British Crags and Climbers

Publication Year: 1954.

British Crags and Climbers, edited by Edward C. Pyatt and Wilfrid Noyce. 235 pages, 16 illustrations. London: Dennis Dobson, 1952. Price, 21/—.

A stated purpose of this anthology is “to illustrate the foundation, the development and the present state of British climbing.” Drawing on books and journals that are described as generally difficult for the individual to come by nowadays, the editors have arranged 54 pieces of prose in chronological order, running from Tyndall’s account of “A Stormy Day on Helvellyn” (Saturday Review, 1859) to the record of a climb on Craig Cwm Silin in 1950. The Lake District, Wales, and Scotland are represented about equally; the last 20 years rather more extensively than the preceding 30 or those before 1900. One reads of the first ascent of the Napes Needle in 1886 and of J. L. Longland’s climb on Clogwyn du’r Arddu in 1928. There is a footnote to Dr. Collie’s story of the Long Man of Ben MacDhui, and a memorable answer by J. M. Edwards to the question, How do you climb? Two Everest men write of mild hills near home—Frank Smythe of the Surrey hills, Wilfrid Noyce himself of the Malverns. Many of the familiar names are to be found—Owen Glynne Jones, P. M. A. Thomson, Geoffrey Winthrop Young, W. H. Murray, A. D. M. Cox. The Introduction and the annotated Table of Contents provide historical background and technical information.

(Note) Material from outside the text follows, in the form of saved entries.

lemma linear_argmin_on_cball_dist_le:
  fixes X :: "'a::real_inner set"
  assumes "convex X" "xs \<in> X"
    and y: "y \<in> X \<inter> cball c r"
    and y_min: "\<forall>z \<in> X \<inter> cball c r. g \<bullet> y \<le> g \<bullet> z"
    and g: "r > 0 \<Longrightarrow> g \<noteq> 0"
    and gap: "r * norm g \<le> g \<bullet> (c - xs)"
  shows "(norm (y - xs))\<^sup>2 \<le> (norm (c - xs))\<^sup>2 - r\<^sup>2"
proof -
  have key: "norm (y - c) = r \<and> r\<^sup>2 \<le> (y - c) \<bullet> (xs - c)"
  proof (cases "g \<bullet> (xs - y) < 0")
    case True
    have "\<not> (\<forall>\<^sub>F s in at_right 0. y + s *\<^sub>R (xs - y) \<in> cball c r)"
    proof
      assume "\<forall>\<^sub>F s in at_right 0. y + s *\<^sub>R (xs - y) \<in> cball c r"
      with eventually_at_right_real[OF zero_less_one]
      have "\<forall>\<^sub>F s in at_right 0. s \<in> {0<..<1} \<and> y + s *\<^sub>R (xs - y) \<in> cball c r"
        by eventually_elim simp
      from eventually_happens'[OF trivial_limit_at_right_real this]
      obtain s where s: "s \<in> {0<..<1}" and in_cball: "y + s *\<^sub>R (xs - y) \<in> cball c r"
        by blast
      have "y + s *\<^sub>R (xs - y) = (1 - s) *\<^sub>R y + s *\<^sub>R xs"
        by (simp add: algebra_simps)
      then have "y + s *\<^sub>R (xs - y) \<in> X"
        using s y \<open>convex X\<close> \<open>xs \<in> X\<close> by (auto intro: convexD_alt)
      with in_cball y_min have "g \<bullet> y \<le> g \<bullet> (y + s *\<^sub>R (xs - y))"
        by blast
      with s True show False
        by (auto simp: inner_add_right dest: mult_pos_neg[of s])
    qed
    then have "\<not> (dist c y < r \<or> (dist c y \<le> r \<and> (y - c) \<bullet> (xs - y) < 0))"
      using eventually_segment_in_cball by blast
    with y have "dist c y = r" "0 \<le> (y - c) \<bullet> (xs - y)"
      by auto
    moreover have "(y - c) \<bullet> (xs - c) = (norm (y - c))\<^sup>2 + (y - c) \<bullet> (xs - y)"
      by (simp add: power2_norm_eq_inner algebra_simps)
    ultimately show ?thesis
      by (simp add: dist_norm norm_minus_commute)
  next
    case False
    show ?thesis
    proof (cases "r = 0")
      case True
      then show ?thesis
        using y by simp
    next
      case False
      moreover have "0 \<le> r"
        using y by (auto intro: order_trans[OF zero_le_dist])
      ultimately have "r > 0"
        by simp
      have "g \<bullet> (y - c) \<le> - r * norm g"
        using \<open>\<not> g \<bullet> (xs - y) < 0\<close> gap by (simp add: inner_diff_right)
      with y g \<open>r > 0\<close> have y_eq: "y = c - (r / norm g) *\<^sub>R g"
        by (intro cball_inner_le_imp_eq) auto
      have "r\<^sup>2 = (r / norm g) * (r * norm g)"
        using g \<open>r > 0\<close> by (simp add: power2_eq_square)
      also have "\<dots> \<le> (r / norm g) * (g \<bullet> (c - xs))"
        using gap \<open>r > 0\<close> by (intro mult_left_mono) auto
      also have "\<dots> = (y - c) \<bullet> (xs - c)"
        by (simp add: y_eq inner_diff_right diff_divide_distrib right_diff_distrib)
      finally show ?thesis
        using g \<open>r > 0\<close> by (simp add: y_eq)
    qed
  qed
  have "(norm (y - xs))\<^sup>2 = (norm ((y - c) - (xs - c)))\<^sup>2"
    by simp
  also have "\<dots> = (norm (y - c))\<^sup>2 - 2 * ((y - c) \<bullet> (xs - c)) + (norm (c - xs))\<^sup>2"
    using norm_diff_power2[of "y - c" "xs - c"] by (simp add: norm_minus_commute)
  also have "\<dots> \<le> (norm (c - xs))\<^sup>2 - r\<^sup>2"
    using key by simp
  finally show ?thesis .
qed

lemma step_size_nonneg:
  "f xs \<le> f x \<Longrightarrow> 0 \<le> step_size f df xs x"
  by (simp add: step_size_def)

lemma step_size_pos_imp_nonzero:
  assumes "0 < step_size f df xs x"
  shows "df x \<noteq> 0"
proof
  assume "df x = 0"
  with assms show False
    by (auto simp: step_size_def split: if_splits)
qed

text \<open>If \<open>df x = 0\<close>, the quotient in \<^const>\<open>step_size\<close> is \<open>0\<close> since \<open>a / 0 = 0\<close>,
  and convexity forces \<open>f x = f xs\<close>.\<close>

lemma step_size_mult_norm:
  fixes f :: "'a::real_inner \<Rightarrow> real"
  assumes "convex_on UNIV f" "(f has_derivative (\<lambda>h. df x \<bullet> h)) (at x)" "f xs \<le> f x"
  shows "step_size f df xs x * norm (df x) = f x - f xs"
proof -
  have "f x - f xs \<le> df x \<bullet> (x - xs)"
    using convex_on_imp_above_tangent_plane[OF assms(1,2), of xs] by (simp add: inner_diff_right)
  with assms(3) show ?thesis
    by (auto simp: step_size_def)
qed

lemma step_size_excess_le:
  fixes f :: "'a::real_inner \<Rightarrow> real"
  assumes "convex_on UNIV f" "(f has_derivative (\<lambda>h. df x \<bullet> h)) (at x)" "f xs \<le> f x"
    and "norm (df x) \<le> G"
  shows "f x - f xs \<le> G * step_size f df xs x"
proof -
  have "f x - f xs = step_size f df xs x * norm (df x)"
    using assms(1-3) by (rule step_size_mult_norm[symmetric])
  also have "\<dots> \<le> step_size f df xs x * G"
    using assms(4) step_size_nonneg[where f = f and x = x, OF assms(3)] by (rule mult_left_mono)
  finally show ?thesis
    by (simp add: mult.commute)
qed

lemma step_size_argmin_dist_le:
  fixes f :: "'a::real_inner \<Rightarrow> real"
  assumes "convex X" "convex_on UNIV f" "(f has_derivative (\<lambda>h. df x \<bullet> h)) (at x)"
    and "xs \<in> X" "f xs \<le> f x"
    and "y \<in> X \<inter> cball x (step_size f df xs x)"
    and "\<forall>z \<in> X \<inter> cball x (step_size f df xs x). df x \<bullet> y \<le> df x \<bullet> z"
  shows "(norm (y - xs))\<^sup>2 \<le> (norm (x - xs))\<^sup>2 - (step_size f df xs x)\<^sup>2"
proof (rule linear_argmin_on_cball_dist_le)
  have "step_size f df xs x * norm (df x) = f x - f xs"
    using assms(2,3,5) by (rule step_size_mult_norm)
  also have "\<dots> \<le> df x \<bullet> (x - xs)"
    using convex_on_imp_above_tangent_plane[OF assms(2,3), of xs] by (simp add: inner_diff_right)
  finally show "step_size f df xs x * norm (df x) \<le> df x \<bullet> (x - xs)" .
  show "0 < step_size f df xs x \<Longrightarrow> df x \<noteq> 0"
    by (rule step_size_pos_imp_nonzero)
qed (use assms in auto)

lemma convex_on_mean_excess_le:
  fixes f :: "'a::real_vector \<Rightarrow> real"
  assumes "convex_on UNIV f" "K \<ge> 1" "(\<Sum>k<K. (f (x k) - c)\<^sup>2) \<le> B\<^sup>2" "0 \<le> B"
  shows "f ((1 / real K) *\<^sub>R (\<Sum>k<K. x k)) - c \<le> B / sqrt (real K)"
proof -
  have K: "real K > 0" "{..<K} \<noteq> {}"
    using assms(2) by (auto simp: lessThan_empty_iff)
  have "(\<Sum>k<K. f (x k) - c)\<^sup>2 \<le> (\<Sum>k<K. (f (x k) - c)\<^sup>2) * real K"
    using sum_squared_le_sum_of_squares[of "\<lambda>k. f (x k) - c" "{..<K}"] by simp
  also have "\<dots> \<le> (sqrt (real K) * B)\<^sup>2"
    using assms(3) K(1) by (simp add: power_mult_distrib mult.commute)
  finally have sum_le: "(\<Sum>k<K. f (x k) - c) \<le> sqrt (real K) * B"
    by (rule power2_le_imp_le) (use assms(4) in simp)
  have "f ((1 / real K) *\<^sub>R (\<Sum>k<K. x k)) \<le> (\<Sum>k<K. (1 / real K) * f (x k))"
    using convex_on_sum[OF finite_lessThan K(2) assms(1), of "\<lambda>_. 1 / real K" x] K(1)
    by (simp add: scaleR_sum_right)
  also have "\<dots> = c + (\<Sum>k<K. f (x k) - c) / real K"
    using K(1) by (simp add: sum_subtractf sum_divide_distrib[symmetric] field_simps)
  finally have "f ((1 / real K) *\<^sub>R (\<Sum>k<K. x k)) \<le> c + (\<Sum>k<K. f (x k) - c) / real K" .
  then have "f ((1 / real K) *\<^sub>R (\<Sum>k<K. x k)) - c \<le> (\<Sum>k<K. f (x k) - c) / real K"
    by simp
  also have "\<dots> \<le> sqrt (real K) * B / real K"
    using sum_le K(1) by (simp add: divide_right_mono)
  also have "\<dots> = B / sqrt (real K)"
    using K(1) by (simp add: field_simps real_div_sqrt)
  finally show ?thesis .
qed

theorem theorem4:
  fixes X :: "'a::euclidean_space set"
    and f :: "'a \<Rightarrow> real" and df :: "'a \<Rightarrow> 'a"
    and G :: real and xs :: 'a and x :: "nat \<Rightarrow> 'a" and K :: nat
  assumes X: "X \<noteq> {}" "closed X" "convex X"
    and f_conv: "convex_on UNIV f"
    and f_grad: "\<And>y. (f has_derivative (\<lambda>h. df y \<bullet> h)) (at y)"
    and G: "G > 0" "\<And>y. y \<in> X \<Longrightarrow> norm (df y) \<le> G"
    and xs: "xs \<in> X" "\<And>y. y \<in> X \<Longrightarrow> f xs \<le> f y"
    and x0: "x 0 \<in> X"
    and step: "\<And>k. x (Suc k) \<in> X \<inter> cball (x k) (step_size f df xs (x k)) \<and>
                 (\<forall>z \<in> X \<inter> cball (x k) (step_size f df xs (x k)).
                    df (x k) \<bullet> x (Suc k) \<le> df (x k) \<bullet> z)"
    and K: "K \<ge> 1"
  shows "(1 / real K) * (\<Sum>k<K. (f (x k) - f xs)\<^sup>2) \<le> G\<^sup>2 * (norm (x 0 - xs))\<^sup>2 / real K \<and>
         f ((1 / real K) *\<^sub>R (\<Sum>k<K. x k)) - f xs \<le> G * norm (x 0 - xs) / sqrt (real K)"
proof -
  \<comment> \<open>\<open>X \<noteq> {}\<close> and closedness of \<open>X\<close> only make the iteration well defined; the iterates are given.\<close>
  define r where "r k = step_size f df xs (x k)" for k
  have x_in_X: "x k \<in> X" for k
    by (induction k) (use x0 step in auto)
  then have min: "f xs \<le> f (x k)" for k
    using xs(2) by blast
  have dist_step: "(norm (x (Suc k) - xs))\<^sup>2 \<le> (norm (x k - xs))\<^sup>2 - (r k)\<^sup>2" for k
    unfolding r_def using step[of k]
    by (intro step_size_argmin_dist_le[where df = df, OF X(3) f_conv f_grad xs(1) min]) auto
  have excess_le: "f (x k) - f xs \<le> G * r k" for k
    unfolding r_def using G(2)[OF x_in_X]
    by (intro step_size_excess_le[where df = df, OF f_conv f_grad min])
  have "(\<Sum>k<K. (f (x k) - f xs)\<^sup>2) \<le> (\<Sum>k<K. G\<^sup>2 * (r k)\<^sup>2)"
    using excess_le min by (intro sum_mono) (simp add: power_mono flip: power_mult_distrib)
  also have "\<dots> \<le> G\<^sup>2 * (\<Sum>k<K. (norm (x k - xs))\<^sup>2 - (norm (x (Suc k) - xs))\<^sup>2)"
    unfolding sum_distrib_left[symmetric] using dist_step
    by (intro mult_left_mono sum_mono) (auto simp: algebra_simps)
  also have "\<dots> \<le> (G * norm (x 0 - xs))\<^sup>2"
    using sum_lessThan_telescope'[of "\<lambda>k. (norm (x k - xs))\<^sup>2" K]
    by (simp add: mult_left_mono power_mult_distrib)
  finally have sum_sq: "(\<Sum>k<K. (f (x k) - f xs)\<^sup>2) \<le> (G * norm (x 0 - xs))\<^sup>2" .
  then show ?thesis
    using convex_on_mean_excess_le[OF f_conv K sum_sq] G(1) K
    by (simp add: divide_right_mono power_mult_distrib)
qed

The main point is that British Crags and Climbers makes good reading and evokes pleasant memories. I hesitate to say much more. The Journal of the Fell and Rock Climbing Club has been drawn upon only twice—but perhaps that is because it supplied all of an anthology published in 1948 (Lakeland Scene, ed. Mary Rose Fitzgibbon). The special quality of climbing from Pen-y-Pass, not infrequently alluded to in books and essays, might have had some space—but Geoffrey Winthrop Young’s chapter in Mountains with a Difference and his essay in The Mountains of Snowdonia are (one assumes) generally available. Just one other comment: a different selection of pictures would have done more, I think, to bear out the editors’ purpose to show how British climbing has developed. Might there not be illuminating differences, for instance, between photographs by the brothers Abraham and photographs by C. D. Milner? Or between a diagrammatic sketch for Climbs on Lliwedd (1909) and a drawing by C. H. French or W. Heaton Cooper for one of the guidebooks published in the 1930’s? Perhaps this is to ask for another book altogether, an “essay in graphic history.” That would be interesting, too.

D. A. R., Jr.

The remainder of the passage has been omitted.